**Problem details:**
Going from the top of the data below, give again each line through the one containing "text \<open>2x2 matrices", both ends kept.

++++++++

(* There is a constant $c>0$ such that the following holds for all $n\ge 1$. Let $q,t_1,\dots,t_n$ be $n+1$ distinct qubits, and for each $i$ let $U_i$ be an arbitrary $2\times 2$ unitary and $G_i$ the controlled-$U_i$ gate with control qubit $q$ and target qubit $t_i$. Then the operator $G_nG_{n-1}\cdots G_1$ can be embedded, using at most $cn$ ancillae, in a quantum circuit of depth at most $c\log n$ (for $n\ge 2$).
   Context: Qubits have computational basis $|0\rangle,|1\rangle$. For a $2\times 2$ unitary $U$, the controlled-$U$ gate on (control, target) is the $4\times4$ unitary $\begin{pmatrix}I&0\\0&U\end{pmatrix}$, i.e. it applies $U$ to the target when the control is $|1\rangle$. A one-layer circuit is a tensor product of arbitrary one-qubit and two-qubit unitary gates acting on pairwise disjoint sets of qubits (each qubit interacts with at most one gate); a circuit of depth $k$ is a product of $k$ one-layer circuits. An operator $F$ on $n'$ qubits is embedded in an operator $M$ on $n'+m$ qubits using $m$ ancillae if $M$ maps the subspace where the $m$ ancilla qubits are all $|0\rangle$ into itself and on that subspace equals $F\otimes\mathbf 1$, i.e. $M(|\psi\rangle\otimes|0\cdots0\rangle)=(F|\psi\rangle)\otimes|0\cdots0\rangle$ for all $|\psi\rangle$. *)

theory Defs
  imports Complex_Main
begin

text \<open>Qubits are natural numbers; an N-qubit system uses qubits {0..<N}.
  A computational basis state of a set S of qubits is the subset of S of qubits in state |1>.
  An operator on qubit set S is a matrix indexed by basis states (subsets of S).\<close>

type_synonym qop = "nat set \<Rightarrow> nat set \<Rightarrow> complex"

text \<open>2x2 matrices indexed by bits (False = |0>, True = |1>); unitarity U U^dagger = I.\<close>
definition unitary2 :: "(bool \<Rightarrow> bool \<Rightarrow> complex) \<Rightarrow> bool" where
  "unitary2 U \<longleftrightarrow> (\<forall>a b. (\<Sum>c\<in>UNIV. U a c * cnj (U b c)) = (if a = b then 1 else 0))"

definition unitary_on :: "nat set \<Rightarrow> qop \<Rightarrow> bool" where
  "unitary_on S g \<longleftrightarrow> (\<forall>x\<subseteq>S. \<forall>y\<subseteq>S.
      (\<Sum>z\<in>Pow S. g x z * cnj (g y z)) = (if x = y then 1 else 0))"

definition qid :: qop where
  "qid x y = (if x = y then 1 else 0)"

definition qmult :: "nat \<Rightarrow> qop \<Rightarrow> qop \<Rightarrow> qop" where
  "qmult N A B x y = (\<Sum>z\<in>Pow {0..<N}. A x z * B z y)"

text \<open>One-layer circuit on N qubits: tensor product of one- and two-qubit unitary gates
  on pairwise disjoint blocks (idle qubits are covered by identity one-qubit gates).\<close>
definition is_layer :: "nat \<Rightarrow> qop \<Rightarrow> bool" where
  "is_layer N L \<longleftrightarrow> (\<exists>P g.
      (\<forall>S\<in>P. S \<subseteq> {0..<N} \<and> (card S = 1 \<or> card S = 2) \<and> unitary_on S (g S)) \<and>
      (\<forall>S\<in>P. \<forall>T\<in>P. S \<noteq> T \<longrightarrow> S \<inter> T = {}) \<and>
      \<Union>P = {0..<N} \<and>
      (\<forall>x\<subseteq>{0..<N}. \<forall>y\<subseteq>{0..<N}. L x y = (\<Prod>S\<in>P. g S (x \<inter> S) (y \<inter> S))))"

fun circuit :: "nat \<Rightarrow> nat \<Rightarrow> qop \<Rightarrow> bool" where
  "circuit N 0 M \<longleftrightarrow> (\<forall>x\<subseteq>{0..<N}. \<forall>y\<subseteq>{0..<N}. M x y = qid x y)"
| "circuit N (Suc k) M \<longleftrightarrow> (\<exists>L M'. is_layer N L \<and> circuit N k M' \<and>
      (\<forall>x\<subseteq>{0..<N}. \<forall>y\<subseteq>{0..<N}. M x y = qmult N L M' x y))"

definition ctrl_gate :: "nat \<Rightarrow> nat \<Rightarrow> (bool \<Rightarrow> bool \<Rightarrow> complex) \<Rightarrow> qop" where
  "ctrl_gate c t U x y =
     (if c \<in> y then (if x - {t} = y - {t} then U (t \<in> x) (t \<in> y) else 0)
      else qid x y)"

fun ctrl_prod :: "nat \<Rightarrow> (nat \<Rightarrow> bool \<Rightarrow> bool \<Rightarrow> complex) \<Rightarrow> nat \<Rightarrow> qop" where
  "ctrl_prod N U 0 = qid"
| "ctrl_prod N U (Suc k) = qmult N (ctrl_gate 0 (Suc k) (U (Suc k))) (ctrl_prod N U k)"

text \<open>F on qubits {0..<n'} is embedded in M on {0..<n'+m} using the m ancillae n',...,n'+m-1:
  M(|psi> (x) |0..0>) = (F|psi>) (x) |0..0>, checked on basis columns.\<close>
definition embeds :: "nat \<Rightarrow> nat \<Rightarrow> qop \<Rightarrow> qop \<Rightarrow> bool" where
  "embeds n' m F M \<longleftrightarrow> (\<forall>x\<subseteq>{0..<n'+m}. \<forall>y\<subseteq>{0..<n'}.
      M x y = (if x \<subseteq> {0..<n'} then F x y else 0))"

end

(* Qubit 0 is the control, qubits 1..n are the targets and n+1..2n the ancillas.  A fan-out
   of J = floor(log2 n) + 1 layers of CNOT gates copies the control bit into all ancillas, each
   layer doubling the number of copies.  One further layer applies all controlled-U_i at once,
   the i-th one controlled by its own copy n+i, and then the fan-out is undone.  The fan-out
   layers permute basis states, so the circuit is the controlled layer conjugated by the fan-out
   permutation; on inputs whose ancillas are |0> it therefore acts as G_n ... G_1.  This uses
   n ancillas and depth 2J + 1 <= 5 log2 n. *)

theory Submission
  imports Defs "HOL-Library.Discrete_Functions"
begin

section \<open>Basis permutations and one-layer circuits\<close>

definition perm_op :: "(nat set \<Rightarrow> nat set) \<Rightarrow> qop" where
  "perm_op \<sigma> x y = (if x = \<sigma> y then 1 else 0)"

lemma qid_eq_perm_op_id: "qid = perm_op id"
  by (simp add: fun_eq_iff qid_def perm_op_def)

lemma qmult_single_term:
  assumes "w \<subseteq> {0..<N}" and "\<And>z. z \<subseteq> {0..<N} \<Longrightarrow> z \<noteq> w \<Longrightarrow> A x z * B z y = 0"
  shows "qmult N A B x y = A x w * B w y"
  unfolding qmult_def using assms by (subst sum.mono_neutral_right[of _ "{w}"]) auto

lemma circuit_foldr_qmult:
  assumes "\<forall>L\<in>set Ls. is_layer N L"
  shows "circuit N (length Ls) (foldr (qmult N) Ls qid)"
  using assms by (induction Ls) auto

lemma prod_block_indicator:
  assumes "finite I" and cover: "(\<Union>i\<in>I. blk i) = {0..<N}"
    and "x \<subseteq> {0..<N}" "y \<subseteq> {0..<N}"
  shows "(\<Prod>i\<in>I. if x \<inter> blk i = y \<inter> blk i then 1 else 0 :: complex) = (if x = y then 1 else 0)"
proof -
  have "(\<forall>i\<in>I. x \<inter> blk i = y \<inter> blk i) \<longleftrightarrow> x = y"
    using assms by blast
  then show ?thesis
    using \<open>finite I\<close> by (auto simp: prod_zero_iff intro: prod.neutral)
qed

lemma is_layerI:
  fixes blk :: "'i \<Rightarrow> nat set" and g :: "'i \<Rightarrow> qop"
  assumes disjoint: "\<And>i j. i \<in> I \<Longrightarrow> j \<in> I \<Longrightarrow> i \<noteq> j \<Longrightarrow> blk i \<inter> blk j = {}"
    and cover: "(\<Union>i\<in>I. blk i) = {0..<N}"
    and size: "\<And>i. i \<in> I \<Longrightarrow> card (blk i) = 1 \<or> card (blk i) = 2"
    and unitary: "\<And>i. i \<in> I \<Longrightarrow> unitary_on (blk i) (g i)"
    and L: "\<And>x y. x \<subseteq> {0..<N} \<Longrightarrow> y \<subseteq> {0..<N} \<Longrightarrow>
              L x y = (\<Prod>i\<in>I. g i (x \<inter> blk i) (y \<inter> blk i))"
  shows "is_layer N L"
proof -
  have "blk i \<noteq> {}" if "i \<in> I" for i
    using size[OF that] by auto
  then have inj: "inj_on blk I"
    using disjoint by (metis inf.idem inj_onI)
  define g' where "g' S = g (the_inv_into I blk S)" for S
  have g': "g' (blk i) = g i" if "i \<in> I" for i
    using inj that by (simp add: g'_def the_inv_into_f_f)
  show ?thesis
    unfolding is_layer_def
  proof (intro exI[of _ "blk ` I"] exI[of _ g'] conjI)
    show "\<forall>S\<in>blk ` I. S \<subseteq> {0..<N} \<and> (card S = 1 \<or> card S = 2) \<and> unitary_on S (g' S)"
      using cover size unitary g' by auto
  next
    show "\<forall>S\<in>blk ` I. \<forall>T\<in>blk ` I. S \<noteq> T \<longrightarrow> S \<inter> T = {}"
      using disjoint by blast
  next
    show "\<Union> (blk ` I) = {0..<N}"
      by (rule cover)
  next
    show "\<forall>x\<subseteq>{0..<N}. \<forall>y\<subseteq>{0..<N}. L x y = (\<Prod>S\<in>blk ` I. g' S (x \<inter> S) (y \<inter> S))"
      using L g' by (simp add: prod.reindex[OF inj])
  qed
qed
lemma sigma_min_mult_orthonormal_cols_ge:
  fixes M W :: "real mat"
  assumes M: "M \<in> carrier_mat p r" and W: "W \<in> carrier_mat r s" "orthonormal_cols W"
    and s: "0 < s"
  shows "sigma_min M \<le> sigma_min (M * W)"
proof -
  have r: "0 < r"
    using orthonormal_cols_dim_pos[OF W s] .
  have MW: "M * W \<in> carrier_mat p s"
    using M W by simp
  obtain y where y: "y \<in> carrier_vec s" "y \<noteq> 0\<^sub>v s"
    and attained: "((M * W) *\<^sub>v y) \<bullet> ((M * W) *\<^sub>v y) = (sigma_min (M * W))\<^sup>2 * (y \<bullet> y)"
    using sigma_min_variational(3)[OF MW s] by blast
  have "(sigma_min M)\<^sup>2 * (y \<bullet> y) = (sigma_min M)\<^sup>2 * ((W *\<^sub>v y) \<bullet> (W *\<^sub>v y))"
    using orthonormal_cols_preserves_norm[OF W y(1)] by simp
  also have "\<dots> \<le> (M *\<^sub>v (W *\<^sub>v y)) \<bullet> (M *\<^sub>v (W *\<^sub>v y))"
    using sigma_min_variational(2)[OF M r] W y by simp
  also have "\<dots> = (sigma_min (M * W))\<^sup>2 * (y \<bullet> y)"
    using attained M W y by simp
  finally have "(sigma_min M)\<^sup>2 \<le> (sigma_min (M * W))\<^sup>2"
    using scalar_prod_self_pos[OF y] by simp
  then show ?thesis
    using sigma_min_variational(1)[OF MW s] by (rule power2_le_imp_le)
qed

lemma sigma_min_le_sigma_max:
  fixes M :: "real mat"
  assumes M: "M \<in> carrier_mat p r" and r: "0 < r"
  shows "sigma_min M \<le> sigma_max M"
proof -
  obtain x where x: "x \<in> carrier_vec r" "x \<noteq> 0\<^sub>v r"
    and "(M *\<^sub>v x) \<bullet> (M *\<^sub>v x) = (sigma_min M)\<^sup>2 * (x \<bullet> x)"
    using sigma_min_variational(3)[OF M r] by blast
  moreover have "(M *\<^sub>v x) \<bullet> (M *\<^sub>v x) \<le> (sigma_max M)\<^sup>2 * (x \<bullet> x)"
    using sigma_max_variational(2)[OF M r] x(1) by blast
  ultimately have "(sigma_min M)\<^sup>2 * (x \<bullet> x) \<le> (sigma_max M)\<^sup>2 * (x \<bullet> x)"
    by simp
  then have "(sigma_min M)\<^sup>2 \<le> (sigma_max M)\<^sup>2"
    using scalar_prod_self_pos[OF x] by simp
  then show ?thesis
    using sigma_max_variational(1)[OF M r] by (rule power2_le_imp_le)
qed

lemma kappa_ge_1:
  fixes M :: "real mat"
  assumes M: "M \<in> carrier_mat p r"
  shows "1 \<le> kappa M"
proof -
  have "1 \<le> sigma_max M / sigma_min M" if r: "0 < r" and pos: "0 < sigma_min M"
    using sigma_min_le_sigma_max[OF M r] pos by simp
  then show ?thesis
    using M sigma_min_variational(1)[OF M] by (auto simp: kappa_def)
qed

lemma kappa_mult_orthonormal_cols_le:
  fixes M W :: "real mat"
  assumes M: "M \<in> carrier_mat p r" and W: "W \<in> carrier_mat r s" "orthonormal_cols W"
  shows "kappa (M * W) \<le> kappa M"
proof (cases "s = 0")
  case True
  then show ?thesis
    using W kappa_ge_1[OF M] by (simp add: kappa_def)
next
  case False
  then have s: "0 < s" and r: "0 < r"
    using orthonormal_cols_dim_pos[OF W] by auto
  have MW: "M * W \<in> carrier_mat p s"
    using M W by simp
  have max_le: "sigma_max (M * W) \<le> sigma_max M"
    and min_ge: "sigma_min M \<le> sigma_min (M * W)"
    using sigma_max_mult_orthonormal_cols_le[OF M W s] sigma_min_mult_orthonormal_cols_ge[OF M W s] .
  show ?thesis
  proof (cases "sigma_min M = 0")
    case True
    then show ?thesis
      using M r by (simp add: kappa_def)
  next
    case False
    then have pos: "0 < sigma_min M"
      using sigma_min_variational(1)[OF M r] by simp
    have "sigma_max (M * W) / sigma_min (M * W) \<le> sigma_max M / sigma_min M"
      using max_le min_ge pos sigma_max_variational(1)[OF MW s] by (intro frac_le) auto
    then show ?thesis
      using M W MW r s pos min_ge by (simp add: kappa_def)
  qed
qed
lemma shift_like_orbit_V_plus:
  assumes "\<nu> < k" "d \<ge> 2" "2 \<le> R" "2 \<le> R * cmod \<delta>" "z \<in> V_plus k \<nu> R"
  shows "(shift_like k \<nu> d \<delta> ^^ (\<nu> * n)) z \<in> V_plus k \<nu> R"
proof (induction n)
  case (Suc n)
  then show ?case
    using shift_like_funpow_nu_V_plus[OF assms(1-4) Suc]
    by (simp add: funpow_add add.commute)
qed (use assms(5) in simp)

text \<open>The sequences \<open>(L\<^sub>n + a/(D-1))/D\<^sup>n\<close> and \<open>(L\<^sub>n + b/(D-1))/D\<^sup>n\<close> are increasing resp.
  decreasing and differ by \<open>(b-a)/((D-1)D\<^sup>n) \<ge> 0\<close>.\<close>

lemma affine_recurrence_div_power_tendsto:
  fixes L :: "nat \<Rightarrow> real" and D a b :: real
  assumes D: "D > 1" and lower: "\<And>n. a + D * L n \<le> L (Suc n)"
    and upper: "\<And>n. L (Suc n) \<le> b + D * L n"
  shows "\<exists>G. (\<lambda>n. L n / D ^ n) \<longlonglongrightarrow> G \<and> L 0 + a / (D - 1) \<le> G"
proof -
  define \<alpha> \<beta> where "\<alpha> = a / (D - 1)" and "\<beta> = b / (D - 1)"
  define lo hi where "lo n = (L n + \<alpha>) / D ^ n" and "hi n = (L n + \<beta>) / D ^ n" for n
  have Da: "D * \<alpha> = a + \<alpha>" and Db: "D * \<beta> = b + \<beta>"
    using D by (simp_all add: \<alpha>_def \<beta>_def field_simps)
  have "a \<le> b"
    using lower[of 0] upper[of 0] by simp
  then have "\<alpha> \<le> \<beta>"
    using D by (simp add: \<alpha>_def \<beta>_def divide_right_mono)
  then have lo_hi: "lo n \<le> hi n" for n
    using D by (simp add: lo_def hi_def divide_right_mono)
  have lo_inc: "incseq lo"
  proof (rule incseq_SucI)
    fix n
    have "D * (L n + \<alpha>) \<le> L (Suc n) + \<alpha>"
      using lower[of n] Da by (simp add: algebra_simps)
    then have "D * (L n + \<alpha>) / D ^ Suc n \<le> lo (Suc n)"
      using D unfolding lo_def by (intro divide_right_mono) auto
    moreover have "D * (L n + \<alpha>) / D ^ Suc n = lo n"
      using D by (simp add: lo_def)
    ultimately show "lo n \<le> lo (Suc n)"
      by simp
  qed
  have hi_dec: "decseq hi"
  proof (rule decseq_SucI)
    fix n
    have "L (Suc n) + \<beta> \<le> D * (L n + \<beta>)"
      using upper[of n] Db by (simp add: algebra_simps)
    then have "hi (Suc n) \<le> D * (L n + \<beta>) / D ^ Suc n"
      using D unfolding hi_def by (intro divide_right_mono) auto
    moreover have "D * (L n + \<beta>) / D ^ Suc n = hi n"
      using D by (simp add: hi_def)
    ultimately show "hi (Suc n) \<le> hi n"
      by simp
  qed
  have "lo n \<le> hi 0" for n
    using lo_hi[of n] decseqD[OF hi_dec, of 0 n] by simp
  then have bdd: "bdd_above (range lo)"
    by (intro bdd_aboveI2)
  have "(\<lambda>n. lo n - \<alpha> / D ^ n) \<longlonglongrightarrow> (SUP n. lo n) - 0"
    using D lo_inc bdd by (intro tendsto_diff LIMSEQ_incseq_SUP LIMSEQ_divide_realpow_zero)
  moreover have "(\<lambda>n. lo n - \<alpha> / D ^ n) = (\<lambda>n. L n / D ^ n)"
    by (simp add: lo_def diff_divide_distrib add_divide_distrib)
  moreover have "L 0 + a / (D - 1) \<le> (SUP n. lo n)"
    using cSUP_upper[OF _ bdd, of 0] by (simp add: lo_def \<alpha>_def)
  ultimately show ?thesis by auto
qed
theorem theorem3:
  fixes V :: "'a set" and f :: "'a set \<Rightarrow> nat" and W :: "'a set"
  assumes "finite V"
    and "connectivity_function V f"
    and "W \<subseteq> V"
    and "f W > 2 * bw V f"
  shows "\<exists>C1 C2 C3. C1 \<union> C2 \<union> C3 = V \<and>
           C1 \<inter> C2 = {} \<and> C1 \<inter> C3 = {} \<and> C2 \<inter> C3 = {} \<and>
           (\<forall>C \<in> {C1, C2, C3}.
              2 * f C < f W \<and>
              f (C \<inter> W) < f W \<and>
              f (C \<inter> (V - W)) < f W)"
proof (cases "2 \<le> card V")
  case False
  then have "f W = 0" using connectivity_function_card_le_1[OF assms(2,1) _ assms(3)] by simp
  with assms(4) show ?thesis by simp
next
  case True
  obtain N E L where "branch_decomposition V N E L" "bd_width V f E L = bw V f"
    using bw_attained[OF assms(1) True] .
  with assms True have "\<exists>C1 C2 C3. is_tripartition V C1 C2 C3 \<and>
      (\<forall>C \<in> {C1, C2, C3}. 2 * f C < f W \<and> f (C \<inter> W) < f W \<and> f (C \<inter> (V - W)) < f W)"
    by (intro tripartition_of_narrow_branch_decomposition) auto
  then show ?thesis unfolding is_tripartition_def by auto
qed

end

++++++++

**Task response:**
(* There is a constant $c>0$ such that the following holds for all $n\ge 1$. Let $q,t_1,\dots,t_n$ be $n+1$ distinct qubits, and for each $i$ let $U_i$ be an arbitrary $2\times 2$ unitary and $G_i$ the controlled-$U_i$ gate with control qubit $q$ and target qubit $t_i$. Then the operator $G_nG_{n-1}\cdots G_1$ can be embedded, using at most $cn$ ancillae, in a quantum circuit of depth at most $c\log n$ (for $n\ge 2$).
   Context: Qubits have computational basis $|0\rangle,|1\rangle$. For a $2\times 2$ unitary $U$, the controlled-$U$ gate on (control, target) is the $4\times4$ unitary $\begin{pmatrix}I&0\\0&U\end{pmatrix}$, i.e. it applies $U$ to the target when the control is $|1\rangle$. A one-layer circuit is a tensor product of arbitrary one-qubit and two-qubit unitary gates acting on pairwise disjoint sets of qubits (each qubit interacts with at most one gate); a circuit of depth $k$ is a product of $k$ one-layer circuits. An operator $F$ on $n'$ qubits is embedded in an operator $M$ on $n'+m$ qubits using $m$ ancillae if $M$ maps the subspace where the $m$ ancilla qubits are all $|0\rangle$ into itself and on that subspace equals $F\otimes\mathbf 1$, i.e. $M(|\psi\rangle\otimes|0\cdots0\rangle)=(F|\psi\rangle)\otimes|0\cdots0\rangle$ for all $|\psi\rangle$. *)

theory Defs
  imports Complex_Main
begin

text \<open>Qubits are natural numbers; an N-qubit system uses qubits {0..<N}.
  A computational basis state of a set S of qubits is the subset of S of qubits in state |1>.
  An operator on qubit set S is a matrix indexed by basis states (subsets of S).\<close>

type_synonym qop = "nat set \<Rightarrow> nat set \<Rightarrow> complex"

text \<open>2x2 matrices indexed by bits (False = |0>, True = |1>); unitarity U U^dagger = I.\<close>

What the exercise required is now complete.